Fig. 9 Optical microscopy images recorded for three types of silica microcapsules prepared using TEOS alone, TMOS alone or a TEOS/TMOS molar ratio of 1.0 before (top row) and after (bottom row) being subjected to mechanical agitation (magnetic stirring at 130 rpm for 24 h). Conditions: 10% w/w oil; 0.89% w/w biopolymer; chitosan/HPC mass ratio = 1.0; silicification conducted at pH 3.8 for 18 h under quiescent conditions (no stirring) at 20 °C.

The effect of mechanical agitation on the structural integrity of these three types of silica microcapsules was assessed via optical microscopy (see Fig. 9). Some of the TMOS-only microcapsules disintegrated under such conditions (see red circles), suggesting that they are rather brittle. The TEOS-only microcapsules seem to be more flexible because most of the empty microcapsules formed in this case appear to remain intact. Finally, a few empty microcapsules were also observed for the silica microcapsules prepared using both TEOS and TMOS after 24 h of mechanical agitation. However, far more microcapsules retained their oil payload in this case. This suggests that using a combination of TEOS and TMOS for silicification produces the most resilient silica microcapsules.

SEM studies indicate that the TMOS-only silica microcapsules have distinctly globular shells (mean globule diameter = 87 ± 59 nm based on 50 measurements) while the TEOS-only silica microcapsules exhibit significantly smoother shells (see Fig. S3). This is consistent with the relatively rapid rate of TMOS hydrolysis,⁶⁹ which leads to rather poor control over the morphology of the deposited silica shells. The corresponding silica microcapsules produced using a binary mixture of TEOS and TMOS also exhibit a rather globular surface morphology but with a slightly smaller globule diameter of 79 ± 24 nm (based on 100 measurements).

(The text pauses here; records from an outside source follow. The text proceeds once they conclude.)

lemma norm_eigenvalue_scale_le:
  assumes "lie_rep br (\<theta> :: complex^'m \<Rightarrow> complex^'n^'n)"
  obtains L where "L \<ge> 0" "\<And>e g a v. \<theta> g *v v = a *s v \<Longrightarrow> v \<noteq> 0
      \<Longrightarrow> norm (sc a e) \<le> L * norm ((\<chi> k. sc (g$k) e) :: 'a^'m)"
proof -
  obtain K where K: "K > 0" "\<And>c x. norm (sc c x) \<le> K * cmod c * norm x"
    using complex_structure_norm_bound[OF vs.vector_space_axioms sc_of_real] by blast
  have K_inverse: "cmod c * norm x \<le> K * norm (sc c x)" for c x
  proof (cases "c = 0")
    case False
    then have "norm x \<le> K * cmod (1 / c) * norm (sc c x)"
      using K(2)[of "1 / c" "sc c x"] by (simp add: vs.scale_scale)
    then show ?thesis
      using False by (simp add: norm_divide field_simps)
  qed (use K in simp)
  define C where "C = (\<Sum>j\<in>UNIV. \<Sum>l\<in>UNIV. \<Sum>k\<in>UNIV. cmod (\<theta> (axis k 1) $ j $ l))"
  have "C \<ge> 0"
    unfolding C_def by (intro sum_nonneg) auto
  have "norm (sc a e) \<le> (K * C * K * CARD('m)) * norm ((\<chi> k. sc (g$k) e) :: 'a^'m)"
    if "\<theta> g *v v = a *s v" "v \<noteq> 0" for e g a v
  proof -
    define G where "G = (\<Sum>k\<in>UNIV. cmod (g$k))"
    define w :: "'a^'m" where "w = (\<chi> k. sc (g$k) e)"
    have "cmod a \<le> (\<Sum>j\<in>UNIV. \<Sum>l\<in>UNIV. cmod (\<theta> g $ j $ l))"
      by (rule eigenvalue_norm_le[OF that])
    also have "\<dots> \<le> (\<Sum>j\<in>UNIV. \<Sum>l\<in>UNIV. G * (\<Sum>k\<in>UNIV. cmod (\<theta> (axis k 1) $ j $ l)))"
      unfolding G_def by (intro sum_mono lie_rep_norm_le[OF assms])
    also have "\<dots> = G * C"
      by (simp add: C_def sum_distrib_left)
    finally have a: "cmod a \<le> G * C" .
    have "G * norm e = (\<Sum>k\<in>UNIV. cmod (g$k) * norm e)"
      by (simp add: G_def sum_distrib_right)
    also have "\<dots> \<le> (\<Sum>k\<in>(UNIV::'m set). K * norm w)"
    proof (rule sum_mono)
      fix k
      have "cmod (g$k) * norm e \<le> K * norm (sc (g$k) e)"
        by (rule K_inverse)
      also have "\<dots> \<le> K * norm w"
        using Finite_Cartesian_Product.norm_nth_le[of w k] K(1) by (simp add: w_def)
      finally show "cmod (g$k) * norm e \<le> K * norm w" .
    qed
    finally have G: "G * norm e \<le> K * CARD('m) * norm w"
      by (simp add: mult_ac)
    have "norm (sc a e) \<le> K * cmod a * norm e"
      by (rule K(2))
    also have "\<dots> \<le> K * (G * C) * norm e"
      using a K(1) by (intro mult_right_mono mult_left_mono) auto
    also have "\<dots> = K * C * (G * norm e)"
      by (simp add: algebra_simps)
    also have "\<dots> \<le> K * C * (K * CARD('m) * norm w)"
      using G K(1) \<open>C \<ge> 0\<close> by (intro mult_left_mono) auto
    finally show ?thesis
      by (simp add: w_def algebra_simps)
  qed
  then show thesis
    using that[of "K * C * K * CARD('m)"] K(1) \<open>C \<ge> 0\<close> by simp
qed

text \<open>As in the definition of \<open>cov_deriv\<close>, \<open>'a^'n\<close> stands for \<open>A \<otimes> V\<close>. In this encoding \<open>tensor z u\<close>
  is \<open>z \<otimes> u\<close>, \<open>mat_act Q\<close> is \<open>id \<otimes> Q\<close>, \<open>contract f\<close> is \<open>id \<otimes> f\<close> for a covector \<open>f\<close>, and
  \<open>map_vec s\<close> is \<open>s \<otimes> id\<close>.\<close>

abbreviation tsc :: "complex \<Rightarrow> 'a^'n \<Rightarrow> 'a^'n" where
  "tsc \<equiv> tensor_scale sc"

abbreviation tg :: "nat \<Rightarrow> ('a^'n) set" where
  "tg \<equiv> tensor_grading Agr"

definition tensor :: "'a \<Rightarrow> complex^'n \<Rightarrow> 'a^'n" where
  "tensor z u = (\<chi> l. sc (u$l) z)"

definition mat_act :: "complex^'n^'n \<Rightarrow> 'a^'n \<Rightarrow> 'a^'n" where
  "mat_act Q c = (\<chi> j. \<Sum>l\<in>UNIV. sc (Q$j$l) (c$l))"

definition contract :: "complex^'n \<Rightarrow> 'a^'n \<Rightarrow> 'a" where
  "contract f c = (\<Sum>l\<in>UNIV. sc (f$l) (c$l))"

lemma tensor_add_left: "tensor (x + y) u = tensor x u + tensor y u"
  by (simp add: tensor_def vec_eq_iff vs.scale_right_distrib)

lemma tensor_0_left [simp]: "tensor 0 u = 0"
  by (simp add: tensor_def vec_eq_iff)

lemma tensor_0_right [simp]: "tensor z 0 = 0"
  by (simp add: tensor_def vec_eq_iff)

lemma tensor_tg: "z \<in> Agr k \<Longrightarrow> tensor z u \<in> tg k"
  by (simp add: tensor_def tensor_grading_def Agr_scale)

lemma mat_act_tensor: "mat_act Q (tensor z u) = tensor z (Q *v u)"
  by (simp add: mat_act_def tensor_def vec_eq_iff matrix_vector_mult_def vs.scale_scale
      vs.scale_sum_left)

lemma contract_tensor: "contract f (tensor z u) = sc (scalar_product f u) z"
  by (simp add: contract_def tensor_def scalar_product_def vs.scale_scale vs.scale_sum_left)

lemma mat_act_mult: "mat_act (Q ** R) c = mat_act Q (mat_act R c)"
proof -
  have "(\<Sum>l\<in>UNIV. sc (\<Sum>k\<in>UNIV. Q$j$k * R$k$l) (c$l))
      = (\<Sum>k\<in>UNIV. sc (Q$j$k) (\<Sum>l\<in>UNIV. sc (R$k$l) (c$l)))" for j
    by (simp add: vs.scale_sum_left vs.scale_sum_right vs.scale_scale) (rule sum.swap)
  then show ?thesis
    by (simp add: mat_act_def matrix_matrix_mult_def vec_eq_iff)
qed

lemma mat_act_mat [simp]: "mat_act (mat a) c = tsc a c"
  by (simp add: mat_act_def mat_def tensor_scale_def vec_eq_iff if_distrib[of "\<lambda>x. sc x _"]
      cong: if_cong)

lemma tsc_1 [simp]: "tsc 1 c = c"
  by (simp add: tensor_scale_def vec_eq_iff)

lemma mat_act_add: "mat_act Q (a + b) = mat_act Q a + mat_act Q b"
  by (simp add: mat_act_def vec_eq_iff vs.scale_right_distrib sum.distrib)

lemma mat_act_diff: "mat_act Q (a - b) = mat_act Q a - mat_act Q b"
  by (simp add: mat_act_def vec_eq_iff vs.scale_right_diff_distrib sum_subtractf)

lemma mat_act_diff_left: "mat_act (Q - R) c = mat_act Q c - mat_act R c"
  by (simp add: mat_act_def vec_eq_iff vs.scale_left_diff_distrib sum_subtractf)

lemma mat_act_0 [simp]: "mat_act Q 0 = 0"
  by (simp add: mat_act_def vec_eq_iff)

lemma mat_act_0_left [simp]: "mat_act 0 c = 0"
  by (simp add: mat_act_def vec_eq_iff)

lemma mat_act_tg: "c \<in> tg k \<Longrightarrow> mat_act Q c \<in> tg k"
  by (simp add: mat_act_def tensor_grading_def Agr_scale Agr_sum)

lemma contract_tg: "c \<in> tg k \<Longrightarrow> contract f c \<in> Agr k"
  by (simp add: contract_def tensor_grading_def Agr_scale Agr_sum)

lemma contract_add: "contract f (a + b) = contract f a + contract f b"
  by (simp add: contract_def vs.scale_right_distrib sum.distrib)

lemma contract_mat_act: "contract f (mat_act Q c) = contract (f v* Q) c"
proof -
  have "(\<Sum>l\<in>UNIV. sc (f$l) (\<Sum>k\<in>UNIV. sc (Q$l$k) (c$k)))
      = (\<Sum>k\<in>UNIV. sc (\<Sum>l\<in>UNIV. Q$l$k * f$l) (c$k))"
    by (simp add: vs.scale_sum_left vs.scale_sum_right vs.scale_scale mult.commute) (rule sum.swap)
  then show ?thesis
    by (simp add: contract_def mat_act_def vector_matrix_mult_def mult.commute)
qed

lemma mat_act_map_vec:
  "Vector_Spaces.linear sc sc s \<Longrightarrow> mat_act Q (map_vec s c) = map_vec s (mat_act Q c)"
  by (simp add: mat_act_def map_vec_def vec_eq_iff linear_sum linear_scale)

lemma contract_map_vec:
  "Vector_Spaces.linear sc sc s \<Longrightarrow> contract f (map_vec s c) = s (contract f c)"
  by (simp add: contract_def map_vec_def linear_sum linear_scale)

lemma map_vec_tensor:
  "Vector_Spaces.linear sc sc s \<Longrightarrow> map_vec s (tensor z u) = tensor (s z) u"
  by (simp add: tensor_def map_vec_def vec_eq_iff linear_scale)

lemma map_vec_add:
  "Vector_Spaces.linear sc sc s \<Longrightarrow> map_vec s (a + b) = map_vec s a + map_vec s b"
  by (simp add: map_vec_def vec_eq_iff linear_add)

lemma map_vec_diff:
  "Vector_Spaces.linear sc sc s \<Longrightarrow> map_vec s (a - b) = map_vec s a - map_vec s b"
  by (simp add: map_vec_def vec_eq_iff linear_diff)

lemma map_vec_0: "Vector_Spaces.linear sc sc s \<Longrightarrow> map_vec s 0 = 0"
  by (simp add: map_vec_def vec_eq_iff linear_0)

lemma tg_add: "x \<in> tg k \<Longrightarrow> y \<in> tg k \<Longrightarrow> x + y \<in> tg k"
  by (simp add: tensor_grading_def Agr_add)

lemma tg_diff: "x \<in> tg k \<Longrightarrow> y \<in> tg k \<Longrightarrow> x - y \<in> tg k"
  by (simp add: tensor_grading_def vs.subspace_diff[OF subspace_Agr])

lemma vector_space_tsc: "vector_space tsc"
  unfolding vector_space_def tensor_scale_def
  by (simp add: vec_eq_iff vs.scale_right_distrib vs.scale_left_distrib vs.scale_scale)

lemma tsc_of_real: "tsc (complex_of_real r) x = r *\<^sub>R x"
  by (simp add: tensor_scale_def vec_eq_iff sc_of_real)

lemma subspace_tg: "module.subspace tsc (tg k)"
proof -
  interpret T: vector_space tsc by (rule vector_space_tsc)
  show ?thesis
    by (auto simp: T.subspace_def tensor_scale_def tensor_grading_def Agr_scale Agr_add Agr_0)
qed

lemma cochains_below_tg_add:
  "x \<in> cochains_below tg i \<Longrightarrow> y \<in> cochains_below tg i \<Longrightarrow> x + y \<in> cochains_below tg i"
  by (auto simp: cochains_below_def tg_add)

lemma contract_0 [simp]: "contract f 0 = 0"
  by (simp add: contract_def)

lemma contract_0_left [simp]: "contract 0 c = 0"
  by (simp add: contract_def)

lemma contract_cochains_below: "c \<in> cochains_below tg i \<Longrightarrow> contract f c \<in> cochains_below Agr i"
  by (auto simp: cochains_below_def contract_tg)

lemma subspace_cochains_below: "vs.subspace (cochains_below Agr i)"
  by (simp add: cochains_below_def subspace_Agr)

lemma map_vec_cochains_below:
  assumes "range s \<subseteq> cochains_below Agr i"
  shows "map_vec s c \<in> cochains_below tg i"
proof -
  have "s x \<in> cochains_below Agr i" for x
    using assms by auto
  then show ?thesis
    by (auto simp: cochains_below_def map_vec_def tensor_grading_def vec_eq_iff)
qed

lemma zero_cochains_below_tg: "0 \<in> cochains_below tg i"
  by (simp add: cochains_below_def tensor_grading_def Agr_0)

end

locale cdga_closed_form = cdga_alg +
  fixes eta :: 'a
  assumes eta_Agr: "eta \<in> Agr 1" and eta_closed: "d eta = 0"
begin

definition twisted_dV :: "complex^'n^'n \<Rightarrow> 'a^'n \<Rightarrow> 'a^'n" where
  "twisted_dV M c = map_vec d c + map_vec (mul eta) (mat_act M c)"

lemma twisted_dV_add: "twisted_dV M (a + b) = twisted_dV M a + twisted_dV M b"
  by (simp add: twisted_dV_def map_vec_add linear_d linear_mul_left mat_act_add)

lemma twisted_dV_diff: "twisted_dV M (a - b) = twisted_dV M a - twisted_dV M b"
  by (simp add: twisted_dV_def map_vec_diff linear_d linear_mul_left mat_act_diff)

lemma twisted_dV_0 [simp]: "twisted_dV M 0 = 0"
  by (simp add: twisted_dV_def map_vec_0 linear_d linear_mul_left)

lemma twisted_dV_scale: "twisted_dV M (tsc c x) = tsc c (twisted_dV M x)"
  by (simp add: twisted_dV_def map_vec_def mat_act_def tensor_scale_def vec_eq_iff d_scale
      mul_scale_right mul_sum_right vs.scale_sum_right vs.scale_scale vs.scale_right_distrib
      mult.commute)

lemma linear_twisted_dV: "Vector_Spaces.linear tsc tsc (twisted_dV M)"
  unfolding Vector_Spaces.linear_iff using vector_space_tsc twisted_dV_add twisted_dV_scale by blast

lemma twisted_dV_twisted_dV [simp]: "twisted_dV M (twisted_dV M c) = 0"
proof -
  have anticommute: "map_vec d (map_vec (mul eta) x) = - map_vec (mul eta) (map_vec d x)" for x
    by (simp add: map_vec_def vec_eq_iff d_mul_closed_Agr_1[OF eta_Agr eta_closed])
  have square_0: "map_vec (mul eta) (map_vec (mul eta) x) = 0" "map_vec d (map_vec d x) = 0" for x
    by (simp_all add: map_vec_def vec_eq_iff mul_mul_self_Agr_1[OF eta_Agr])
  show ?thesis
    by (simp add: twisted_dV_def map_vec_add linear_d linear_mul_left mat_act_add
        mat_act_map_vec anticommute square_0)
qed

lemma twisted_dV_tg: "c \<in> tg k \<Longrightarrow> twisted_dV M c \<in> tg (Suc k)"
  using mat_act_tg[of c k M] d_Agr mul_Agr[OF eta_Agr] Agr_add
  by (simp add: twisted_dV_def map_vec_def tensor_grading_def)

lemma twisted_dV_cochains_below: "c \<in> cochains_below tg i \<Longrightarrow> twisted_dV M c \<in> tg i"
  using twisted_dV_tg[of c "i - 1" M] by (cases i) (auto simp: cochains_below_def tensor_grading_def Agr_0)

lemma twisted_dV_mat_act:
  "Q ** M = M ** Q \<Longrightarrow> twisted_dV M (mat_act Q c) = mat_act Q (twisted_dV M c)"
  by (simp add: twisted_dV_def mat_act_add mat_act_map_vec linear_d linear_mul_left
      flip: mat_act_mult)

lemma contract_twisted_dV:
  "contract f (twisted_dV M c) = d (contract f c) + mul eta (contract (f v* M) c)"
  by (simp add: twisted_dV_def contract_add contract_map_vec linear_d linear_mul_left
      contract_mat_act)

lemma twisted_dV_tensor: "twisted_dV M (tensor z u) = tensor (d z) u + tensor (mul eta z) (M *v u)"
  by (simp add: twisted_dV_def map_vec_tensor linear_d linear_mul_left mat_act_tensor)

lemma twisted_dV_eigen:
  assumes "mat_act (M - mat a) c = 0"
  shows "twisted_dV M c = map_vec (twisted_d (sc a eta)) c"
  using assms
  by (simp add: mat_act_diff_left twisted_dV_def map_vec_def twisted_d_def vec_eq_iff
      tensor_scale_def mul_scale_right mul_scale_left)

lemma cohom_dim_twisted_dV_eq_0_iff:
  "cohom_dim tsc tg (twisted_dV M) i = 0 \<longleftrightarrow> exact_at tg (twisted_dV M) i"
proof (rule cohom_dim_eq_0_iff_exact_at[OF vector_space_tsc tsc_of_real subspace_tg
      linear_twisted_dV])
  show "twisted_dV M x \<in> tg i" if "0 < i" "x \<in> tg (i - 1)" for x
    using that twisted_dV_tg[of x "i - 1"] by simp
qed simp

Systematic variation of the oil mass fraction

Industrial applications for microcapsules require process-intensive syntheses for maximum cost efficiency. Accordingly, the synthesis of silica microcapsules targeting a silica shell thickness of 100 nm was attempted using 15%, 20%, 25% or 30% w/w oil using a TEOS/TMOS molar ratio of 1.0. For this series of experiments, the chitosan/HPC mass ratio was 1.0 and the overall biopolymer concentration was fixed at 0.80% w/w of the final emulsion. Unfortunately, reaction mixtures containing either 25% or 30% w/w oil formed gels on standing overnight, so no further analysis was performed for these failed syntheses. The 20% w/w oil formulation was very viscous, while the 15% and 10% formulations proved to be free-flowing fluids. Using the droplet size distribution of the corresponding precursor emulsion as a reference, laser diffraction data and optical microscopy images indicated that significant aggregation occurred when attempting silicification at 20% w/w oil (see Fig. 10 and 11). In summary, the upper limit oil concentration when targeting a silica shell thickness of 100 nm appears to be approximately 15% w/w. In principle, targeting thinner silica shells might enable higher oil concentrations to be achieved. Indeed, targeting a silica shell thickness of 60 nm at an oil mass fraction of 20% w/w and a TEOS/TMOS molar ratio of 1.0 also produced well-defined silica microcapsules at pH 4.9 without inducing gelation or causing aggregation (see Fig. S4).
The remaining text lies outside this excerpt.